Topic of the week for anyone with one eye on Edinburgh heritage matters has been the plight of the city’s favourite dog and his fast-disappearing muzzle.
Over the past five years a new tradition has emerged whereby visitors to our city are encouraged to rub the famous canine’s nose for good luck, much to the infuriation of some locals. The diminutive statue, as everyone knows, is supposed to have a uniform black patina covering it from head to paw, but at the moment his face is in a bit of a state. The patina around this area has been rubbed off so extensively that the bronze beneath is clearly visible. The phenomenon was started in 2012 by a tour firm keen to add value to an already brilliant wee tale. Tourists were told that good fortune was to be had if they gave Bobby a wee rub on the snout. The practice spread like wildfire and forced the council to spend a good few bob repairing the damage. The restoration proved to be short-lived when the new patina was forcibly removed in an acid attack.

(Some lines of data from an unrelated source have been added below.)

(* Let $\mathbb F\in\{\mathbb C,\mathbb R\}$, $n>1$, and $\gamma\in\mathbb F^n$ with $\operatorname{diag}(\gamma_1,\dots,\gamma_n)$ not proportional to the identity. Then the functions $|X^{\varkappa,n}_{1,k}|$, $k=1,\dots,[n/2]$, where $\varkappa=n-k+1$, are functionally independent (global) relative invariants of the coadjoint action ${\rm Ad}^*_{{\rm T}_\gamma(n)}$ on $\mathfrak t_\gamma^*(n)$.
   Context: $\mathfrak t_\gamma(n)$ is the Lie algebra over $\mathbb F$ with basis $e_{ij}$ ($1\leqslant i<j\leqslant n$), $f$, brackets $[e_{ij},e_{i'j'}]=\delta_{i'j}e_{ij'}-\delta_{ij'}e_{i'j}$, $[f,e_{ij}]=(\gamma_i-\gamma_j)e_{ij}$; it is the Lie algebra of ${\rm T}_\gamma(n)=\{B\text{ nonsingular upper triangular}\mid\exists\varepsilon:\ b_{ii}=e^{\gamma_i\varepsilon}\}$ with $e_{ij}\sim E^n_{ij}$, $f\sim\operatorname{diag}(\gamma)$ and coadjoint action $({\rm Ad}^*_B\xi)(y)=\xi(B^{-1}yB)$. $x_{ji}$ ($i<j$) is the coordinate on $\mathfrak t_\gamma^*(n)$ dual to $e_{ij}$; $X$ is the strictly lower triangular matrix with entries $x_{ij}$ ($i>j$); $X^{i_1,i_2}_{j_1,j_2}$ is the submatrix with rows $i_1..i_2$ and columns $j_1..j_2$, $|\cdot|$ the determinant. A function $F$ on a $G$-space $M$ is a (global) relative invariant if $F(g\cdot x)=\mu(g,x)F(x)$ for all $g\in G$, $x\in M$, for some multiplier $\mu\colon G\times M\to\mathbb F$. *)

theory Defs
  imports "HOL-Analysis.Analysis" "Jordan_Normal_Form.Determinant"
begin
(* Let $X$ be a compact metric space, $T:X\to X$ continuous, and $\mu$ a $T$-invariant ergodic Borel probability measure on $X$. Let $\alpha=\{A_1,\dots,A_m\}$ be a finite measurable partition of $X$ and let $Z$ be a coarsely optimal compression algorithm. Then for $\mu$-almost every $x\in X$, \[ K_Z(x,\alpha)=h_\mu(T,\alpha), \] where $h_\mu(T,\alpha)$ is the metric (Kolmogorov–Sinai) entropy of $T$ with respect to the partition $\alpha$.
   Context: All logarithms and entropies are in base 2. For a finite measurable partition $\alpha=\{A_1,\dots,A_m\}$ of $X$, the symbolic orbit of $x\in X$ is $\Phi_\alpha(x)=\omega\in\{1,\dots,m\}^{\mathbb{N}}$ defined by $T^j(x)\in A_{\omega_j}$ for all $j$. For $\omega$ an infinite string, $\omega^n$ denotes its first $n$ symbols. A compression algorithm is a total recursive injective (lossless) map $Z$ from finite strings over the alphabet $\{1,\dots,m\}$ to finite binary strings; $K_Z(\omega)=\limsup_{n\to\infty}|Z(\omega^n)|/n$ and $K_Z(x,\alpha)=K_Z(\Phi_\alpha(x))$. Empirical entropy: for a string $s$ of length $n$ and word $w$ of length $l\le n$, $P(s,w)=\frac{1}{n-l+1}\#\{0\le i\le n-l: (s_{i+1},\dots,s_{i+l})=w\}$, $\hat H_l(s)=-\frac1l\sum_{w}P(s,w)\log P(s,w)$ (sum over all words of length $l$, $0\log0=0$). $Z$ is coarsely optimal if for every $k\ge1$ there is $f_k$ with $f_k(n)=o(n)$ such that $|Z(s)|\le|s|\hat H_k(s)+f_k(|s|)$ for every finite string $s$. *)

theory Defs
  imports "HOL-Probability.Probability" "HOL-Library.Landau_Symbols"
begin

(* Finite strings over the alphabet {1..m} are lists of naturals with entries in {1..m};
   infinite strings are functions nat => nat; binary strings are bool lists. *)

definition strings_over :: "nat \<Rightarrow> nat list set" where
  "strings_over m = {s. set s \<subseteq> {1..m}}"

definition prefix_of :: "(nat \<Rightarrow> nat) \<Rightarrow> nat \<Rightarrow> nat list" where
  "prefix_of \<omega> n = map \<omega> [0..<n]"

definition invariant_measure :: "'a measure \<Rightarrow> ('a \<Rightarrow> 'a) \<Rightarrow> bool" where
  "invariant_measure M T \<longleftrightarrow> T \<in> M \<rightarrow>\<^sub>M M \<and>
     (\<forall>A\<in>sets M. emeasure M (T -` A \<inter> space M) = emeasure M A)"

Of course this tradition of touching a public statue for good luck is not a new thing. The round bits of Dublin’s Molly Malone are a very different shade to the rest of her body and in the Vatican, St Peter’s feet resemble a pair of microwaved shoe horns after being eroded away by generations of eager worshippers.
Here in Edinburgh, rubbing David Hume’s big toe is said to bring good vibes - a fact that sculptor Sandy Stoddart is said to love, yet a superstition that the famous philosopher would probably have abhorred - while the statue of Wojtek the solider bear in Princes Street Gardens already has a lovely bright nose despite being erected very recently.

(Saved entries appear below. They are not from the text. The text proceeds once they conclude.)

(* Let $\gamma\in(0,1)$, $c\in\mathbb{R}$, $\sigma^2>0$, and $\alpha_0\in(0,1]$. Define recursively, for $n\ge2$, $$\alpha_{n-1}=\frac{(1-\gamma)\lambda^{n-1}\sigma^2+\big(1-(1-\gamma)\delta^{n-1}\big)^2c^2}{(1-\gamma)^2\lambda^{n-1}\sigma^2+\big(1-(1-\gamma)\delta^{n-1}\big)^2c^2+\sigma^2},$$ where $\delta^1=\alpha_0$, $\lambda^1=\alpha_0^2$, and for $m>1$, $\delta^m=\alpha_{m-1}+(1-(1-\gamma)\alpha_{m-1})\delta^{m-1}$, $\lambda^m=\alpha_{m-1}^2+(1-(1-\gamma)\alpha_{m-1})^2\lambda^{m-1}$. Then $\lim_{n\to\infty}\delta^n=\frac{1}{1-\gamma}$.
   Context: The formula for $\alpha_{n-1}$ is the prediction-error-minimizing stepsize for approximate value iteration in a single-state, single-action problem with i.i.d. rewards of mean $c$, variance $\sigma^2$, and discount factor $\gamma$; $\delta^n c$ is the mean of the $n$-th value estimate. *)

theory Defs
  imports "HOL-Analysis.Analysis"
begin

definition avi_alpha :: "real \<Rightarrow> real \<Rightarrow> real \<Rightarrow> real \<Rightarrow> real \<Rightarrow> real" where
  "avi_alpha \<gamma> c \<sigma>2 d l =
     ((1 - \<gamma>) * l * \<sigma>2 + (1 - (1 - \<gamma>) * d)^2 * c^2) /
     ((1 - \<gamma>)^2 * l * \<sigma>2 + (1 - (1 - \<gamma>) * d)^2 * c^2 + \<sigma>2)"

text \<open>avi_state m = (delta^(m+1), lambda^(m+1)).\<close>
fun avi_state :: "real \<Rightarrow> real \<Rightarrow> real \<Rightarrow> real \<Rightarrow> nat \<Rightarrow> real \<times> real" where
  "avi_state \<gamma> c \<sigma>2 a0 0 = (a0, a0^2)"
| "avi_state \<gamma> c \<sigma>2 a0 (Suc m) =
     (let (d, l) = avi_state \<gamma> c \<sigma>2 a0 m;
          a = avi_alpha \<gamma> c \<sigma>2 d l
      in (a + (1 - (1 - \<gamma>) * a) * d, a^2 + (1 - (1 - \<gamma>) * a)^2 * l))"

text \<open>delta^n for n \<ge> 1 (value at n = 0 is irrelevant).\<close>
definition avi_delta :: "real \<Rightarrow> real \<Rightarrow> real \<Rightarrow> real \<Rightarrow> nat \<Rightarrow> real" where
  "avi_delta \<gamma> c \<sigma>2 a0 n = fst (avi_state \<gamma> c \<sigma>2 a0 (n - 1))"

end

theory Submission
  imports Defs
begin

text \<open>
  Write \<open>g = 1 - \<gamma>\<close> and \<open>e\<^sub>m = 1 - g \<delta>\<^sup>m\<close> for the normalised bias. The recursion for
  \<open>\<delta>\<close> reads \<open>e\<^sub>m\<^sub>+\<^sub>1 = (1 - g \<alpha>\<^sub>m) e\<^sub>m\<close> with \<open>0 \<le> g \<alpha>\<^sub>m \<le> 1\<close>, so \<open>e\<close> decreases to some
  limit \<open>E \<ge> 0\<close>. The variance term satisfies \<open>\<lambda>\<^sup>m \<ge> (\<alpha>\<^sub>0 e\<^sub>m / e\<^sub>0)\<^sup>2\<close>, because it is
  multiplied by at least the square of the same factor at every step. If \<open>E > 0\<close>, then \<open>\<lambda>\<close> is
  bounded away from 0, hence so is the stepsize \<open>\<alpha>\<close>, and \<open>e\<close> decays geometrically to 0,
  a contradiction.
\<close>

lemma min_one_le_mediant:
  fixes N B D :: real
  assumes "0 \<le> N" "0 \<le> B" "0 < D"
  shows "min 1 (N / D) \<le> (N + B) / (D + B)"
proof (cases "N \<le> D")
  case True
  have "N * (D + B) \<le> (N + B) * D"
    using assms True by (simp add: algebra_simps mult_left_mono)
  then have "N / D \<le> (N + B) / (D + B)"
    using assms by (simp add: divide_simps)
  then show ?thesis by simp
next
  case False
  then show ?thesis using assms by (simp add: divide_simps)
qed

lemma divide_mult_add_one_mono:
  fixes a x y :: real
  assumes "0 \<le> a" "0 \<le> x" "x \<le> y"
  shows "x / (a * x + 1) \<le> y / (a * y + 1)"
proof -
  have "x * (a * y + 1) \<le> y * (a * x + 1)"
    using assms by (simp add: algebra_simps)
  then show ?thesis
    using assms by (simp add: divide_simps add_nonneg_pos)
qed

lemma contracting_nonneg_tendsto_zero:
  fixes e :: "nat \<Rightarrow> real"
  assumes "\<And>m. 0 \<le> e m" "\<And>m. e (Suc m) \<le> q * e m" "0 \<le> q" "q < 1"
  shows "e \<longlonglongrightarrow> 0"
proof -
  have bound: "e m \<le> q ^ m * e 0" for m
  proof (induction m)
    case (Suc m)
    have "e (Suc m) \<le> q * e m" by (rule assms(2))
    also have "\<dots> \<le> q * (q ^ m * e 0)" using Suc assms(3) by (rule mult_left_mono)
    finally show ?case by simp
  qed simp
  have "(\<lambda>m. q ^ m * e 0) \<longlonglongrightarrow> 0 * e 0"
    using assms(3,4) by (intro tendsto_mult LIMSEQ_power_zero tendsto_const) auto
  then show ?thesis
    using bound assms(1) by (intro tendsto_sandwich[of "\<lambda>_. 0" e _ "\<lambda>m. q ^ m * e 0"]) auto
qed

lemma avi_alpha_nonneg:
  assumes "\<gamma> \<le> 1" "0 < \<sigma>2" "0 \<le> l"
  shows "0 \<le> avi_alpha \<gamma> c \<sigma>2 d l"
  using assms unfolding avi_alpha_def
  by (intro divide_nonneg_pos add_nonneg_nonneg add_nonneg_pos) auto

lemma avi_alpha_scaled_le_one:
  assumes "0 \<le> \<gamma>" "\<gamma> \<le> 1" "0 < \<sigma>2" "0 \<le> l"
  shows "(1 - \<gamma>) * avi_alpha \<gamma> c \<sigma>2 d l \<le> 1"
proof -
  define b where "b = (1 - (1 - \<gamma>) * d)^2 * c^2"
  have "0 \<le> b" by (simp add: b_def)
  have den: "0 < (1 - \<gamma>)^2 * l * \<sigma>2 + b + \<sigma>2"
    using assms \<open>0 \<le> b\<close> by (intro add_nonneg_pos add_nonneg_nonneg) auto
  have "(1 - \<gamma>) * b \<le> b"
    using assms \<open>0 \<le> b\<close> by (simp add: mult_left_le_one_le)
  then have "(1 - \<gamma>) * ((1 - \<gamma>) * l * \<sigma>2 + b) \<le> (1 - \<gamma>)^2 * l * \<sigma>2 + b + \<sigma>2"
    using assms by (simp add: algebra_simps power2_eq_square)
  then show ?thesis
    using den by (simp add: avi_alpha_def b_def divide_simps)
qed

text \<open>The bias term of the stepsize only helps: it is a mediant that pushes \<open>\<alpha>\<close> towards 1.\<close>

lemma avi_alpha_lower_bound:
  assumes "\<gamma> \<le> 1" "0 < \<sigma>2" "0 \<le> lb" "lb \<le> l"
  shows "min 1 ((1 - \<gamma>) * lb / ((1 - \<gamma>)^2 * lb + 1)) \<le> avi_alpha \<gamma> c \<sigma>2 d l"
proof -
  define g where "g = 1 - \<gamma>"
  have "0 \<le> g" "0 \<le> l" using assms by (simp_all add: g_def)
  have "g * lb / (g^2 * lb + 1) = (g * lb) / (g * (g * lb) + 1)"
    by (simp add: power2_eq_square mult.assoc)
  also have "\<dots> \<le> (g * l) / (g * (g * l) + 1)"
    using assms \<open>0 \<le> g\<close> by (intro divide_mult_add_one_mono mult_left_mono mult_nonneg_nonneg) auto
  also have "\<dots> = (g * l * \<sigma>2) / ((g * (g * l) + 1) * \<sigma>2)"
    using assms by simp
  also have "\<dots> = (g * l * \<sigma>2) / (g^2 * l * \<sigma>2 + \<sigma>2)"
    by (simp add: power2_eq_square algebra_simps)
  finally have "min 1 (g * lb / (g^2 * lb + 1)) \<le> min 1 ((g * l * \<sigma>2) / (g^2 * l * \<sigma>2 + \<sigma>2))"
    by simp
  also have "\<dots> \<le> avi_alpha \<gamma> c \<sigma>2 d l"
  proof -
    define b where "b = (1 - g * d)^2 * c^2"
    have "avi_alpha \<gamma> c \<sigma>2 d l = (g * l * \<sigma>2 + b) / ((g^2 * l * \<sigma>2 + \<sigma>2) + b)"
      by (simp add: avi_alpha_def g_def b_def add_ac)
    moreover have "0 < g^2 * l * \<sigma>2 + \<sigma>2"
      using assms \<open>0 \<le> l\<close> by (intro add_nonneg_pos) auto
    ultimately show ?thesis
      using assms \<open>0 \<le> g\<close> \<open>0 \<le> l\<close> by (simp add: min_one_le_mediant b_def)
  qed
  finally show ?thesis by (simp add: g_def)
qed

locale avi_iteration =
  fixes \<gamma> c \<sigma>2 \<alpha>0 :: real
  assumes discount_pos: "0 < \<gamma>" and discount_less_one: "\<gamma> < 1"
    and variance_pos: "0 < \<sigma>2"
    and initial_pos: "0 < \<alpha>0" and initial_le_one: "\<alpha>0 \<le> 1"
begin

text \<open>Indices are shifted by one against the paper: \<open>delta m = \<delta>\<^sup>m\<^sup>+\<^sup>1\<close>, \<open>lambda m = \<lambda>\<^sup>m\<^sup>+\<^sup>1\<close> and \<open>alpha m = \<alpha>\<^sub>m\<close>.\<close>

definition delta :: "nat \<Rightarrow> real" where
  "delta m = fst (avi_state \<gamma> c \<sigma>2 \<alpha>0 m)"

definition lambda :: "nat \<Rightarrow> real" where
  "lambda m = snd (avi_state \<gamma> c \<sigma>2 \<alpha>0 m)"

definition alpha :: "nat \<Rightarrow> real" where
  "alpha m = avi_alpha \<gamma> c \<sigma>2 (delta m) (lambda m)"

definition bias :: "nat \<Rightarrow> real" where
  "bias m = 1 - (1 - \<gamma>) * delta m"

lemma delta_0: "delta 0 = \<alpha>0"
  and lambda_0: "lambda 0 = \<alpha>0^2"
  by (simp_all add: delta_def lambda_def)

lemma delta_Suc: "delta (Suc m) = alpha m + (1 - (1 - \<gamma>) * alpha m) * delta m"
  and lambda_Suc: "lambda (Suc m) = (alpha m)^2 + (1 - (1 - \<gamma>) * alpha m)^2 * lambda m"
  by (simp_all add: delta_def lambda_def alpha_def Let_def split: prod.split)

lemma lambda_nonneg: "0 \<le> lambda m"
  by (induction m) (simp_all add: lambda_0 lambda_Suc)

lemma alpha_nonneg: "0 \<le> alpha m"
  using discount_less_one variance_pos lambda_nonneg
  unfolding alpha_def by (intro avi_alpha_nonneg) auto

lemma alpha_scaled_le_one: "(1 - \<gamma>) * alpha m \<le> 1"
  using discount_pos discount_less_one variance_pos lambda_nonneg
  unfolding alpha_def by (intro avi_alpha_scaled_le_one) auto

lemma bias_Suc: "bias (Suc m) = (1 - (1 - \<gamma>) * alpha m) * bias m"
  by (simp add: bias_def delta_Suc algebra_simps)

lemma bias_0_pos: "0 < bias 0"
proof -
  have "(1 - \<gamma>) * \<alpha>0 \<le> 1 - \<gamma>"
    using discount_less_one initial_le_one by (simp add: mult_left_le)
  then show ?thesis
    using discount_pos by (simp add: bias_def delta_0)
qed

lemma contraction_factor_nonneg: "0 \<le> 1 - (1 - \<gamma>) * alpha m"
  using alpha_scaled_le_one by simp

lemma bias_nonneg: "0 \<le> bias m"
  by (induction m) (use bias_0_pos contraction_factor_nonneg in \<open>simp_all add: bias_Suc\<close>)

lemma bias_decseq: "decseq bias"
proof (rule decseq_SucI)
  fix m
  have "0 \<le> (1 - \<gamma>) * alpha m"
    using discount_less_one alpha_nonneg by simp
  then show "bias (Suc m) \<le> bias m"
    using mult_left_le_one_le[OF bias_nonneg contraction_factor_nonneg] by (simp add: bias_Suc)
qed

text \<open>\<open>\<lambda>\<close> and \<open>bias\<^sup>2\<close> are multiplied by the same factor \<open>(1 - g \<alpha>)\<^sup>2\<close>, and \<open>\<lambda>\<close> gains \<open>\<alpha>\<^sup>2\<close> on top.\<close>

lemma lambda_ge_bias: "\<alpha>0^2 * (bias m)^2 \<le> lambda m * (bias 0)^2"
proof (induction m)
  case 0
  show ?case by (simp add: lambda_0 mult.commute)
next
  case (Suc m)
  have "\<alpha>0^2 * (bias (Suc m))^2 = (1 - (1 - \<gamma>) * alpha m)^2 * (\<alpha>0^2 * (bias m)^2)"
    by (simp add: bias_Suc power_mult_distrib)
  also have "\<dots> \<le> (1 - (1 - \<gamma>) * alpha m)^2 * (lambda m * (bias 0)^2)"
    using Suc by (simp add: mult_left_mono)
  also have "\<dots> \<le> lambda (Suc m) * (bias 0)^2"
    by (simp add: lambda_Suc algebra_simps)
  finally show ?case .
qed

lemma bias_tendsto_zero: "bias \<longlonglongrightarrow> 0"
proof -
  obtain E where lim: "bias \<longlonglongrightarrow> E" and E_le: "\<And>m. E \<le> bias m"
    using decseq_convergent[OF bias_decseq, of 0] bias_nonneg by blast
  have "E = 0"
  proof (rule ccontr)
    assume "E \<noteq> 0"
    moreover have "0 \<le> E" using LIMSEQ_le_const[OF lim] bias_nonneg by auto
    ultimately have "0 < E" by simp
    define lb where "lb = \<alpha>0^2 * E^2 / (bias 0)^2"
    define \<kappa> where "\<kappa> = min 1 ((1 - \<gamma>) * lb / ((1 - \<gamma>)^2 * lb + 1))"
    have "0 < lb" using \<open>0 < E\<close> initial_pos bias_0_pos by (simp add: lb_def)
    have "lb \<le> lambda m" for m
    proof -
      have "\<alpha>0^2 * E^2 \<le> \<alpha>0^2 * (bias m)^2"
        using E_le \<open>0 < E\<close> by (intro mult_left_mono power_mono) auto
      also have "\<dots> \<le> lambda m * (bias 0)^2" by (rule lambda_ge_bias)
      finally show ?thesis using bias_0_pos by (simp add: lb_def divide_simps)
    qed
    then have \<kappa>_le: "\<kappa> \<le> alpha m" for m
      unfolding \<kappa>_def alpha_def
      using discount_less_one variance_pos \<open>0 < lb\<close> by (intro avi_alpha_lower_bound) auto
    have "0 < (1 - \<gamma>) * \<kappa>"
      using discount_less_one \<open>0 < lb\<close> by (simp add: \<kappa>_def add_pos_nonneg)
    have "(1 - \<gamma>) * \<kappa> \<le> 1"
      using \<kappa>_le[of 0] alpha_scaled_le_one[of 0] discount_less_one
      by (meson diff_ge_0_iff_ge less_imp_le mult_left_mono order_trans)
    have "bias (Suc m) \<le> (1 - (1 - \<gamma>) * \<kappa>) * bias m" for m
      using \<kappa>_le[of m] discount_less_one bias_nonneg[of m]
      by (simp add: bias_Suc mult_right_mono)
    then have "bias \<longlonglongrightarrow> 0"
      using \<open>0 < (1 - \<gamma>) * \<kappa>\<close> \<open>(1 - \<gamma>) * \<kappa> \<le> 1\<close>
      by (intro contracting_nonneg_tendsto_zero bias_nonneg) auto
    with lim have "E = 0" by (rule LIMSEQ_unique)
    with \<open>E \<noteq> 0\<close> show False ..
  qed
  with lim show ?thesis by simp
qed

lemma delta_tendsto: "delta \<longlonglongrightarrow> 1 / (1 - \<gamma>)"
proof -
  have "delta = (\<lambda>m. (1 - bias m) / (1 - \<gamma>))"
    using discount_less_one by (auto simp: bias_def)
  moreover have "(\<lambda>m. (1 - bias m) / (1 - \<gamma>)) \<longlonglongrightarrow> (1 - 0) / (1 - \<gamma>)"
    using discount_less_one by (intro tendsto_intros bias_tendsto_zero) auto
  ultimately show ?thesis by simp
qed

end

theorem proposition5:
  fixes \<gamma> c \<sigma>2 \<alpha>0 :: real
  assumes "0 < \<gamma>" "\<gamma> < 1" "0 < \<sigma>2" "0 < \<alpha>0" "\<alpha>0 \<le> 1"
  shows "(\<lambda>n. avi_delta \<gamma> c \<sigma>2 \<alpha>0 n) \<longlonglongrightarrow> 1 / (1 - \<gamma>)"
proof -
  interpret avi_iteration \<gamma> c \<sigma>2 \<alpha>0
    using assms by unfold_locales
  have "(\<lambda>n. avi_delta \<gamma> c \<sigma>2 \<alpha>0 (Suc n)) = delta"
    by (simp add: fun_eq_iff avi_delta_def delta_def)
  then show ?thesis
    using delta_tendsto by (auto intro: LIMSEQ_imp_Suc)
qed

end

Interestingly, however, there seems to be far less outcry over the touching of these two statues. Greyfriars Bobby, it seems, is a very different matter.
For all my life I can never remember this wee dog looking so bad, and I think that’s the real problem. Edinburgh residents are not famed for embracing change too readily unless it is perceived to be a definite improvement, and this change certainly isn’t.
But, since he was installed in 1872, this act of vandalism (if we can actually call it that), is nowhere near the worst the dug has encountered.
In June 1954, Bobby was knocked down in a hit ‘n’ run that took chunks out his handsome marble plinth, and in 1963 he was even stolen by a group of university students. 1979 and 1981 also saw vandals douse the poor pooch in paint.
Like many others, I may not agree with all this Bobby rubbing, but I suppose there are far more pressing matters to be concerned with. I just hope wee Bobby isn’t slowly turning into Edinburgh’s version of the Sphinx.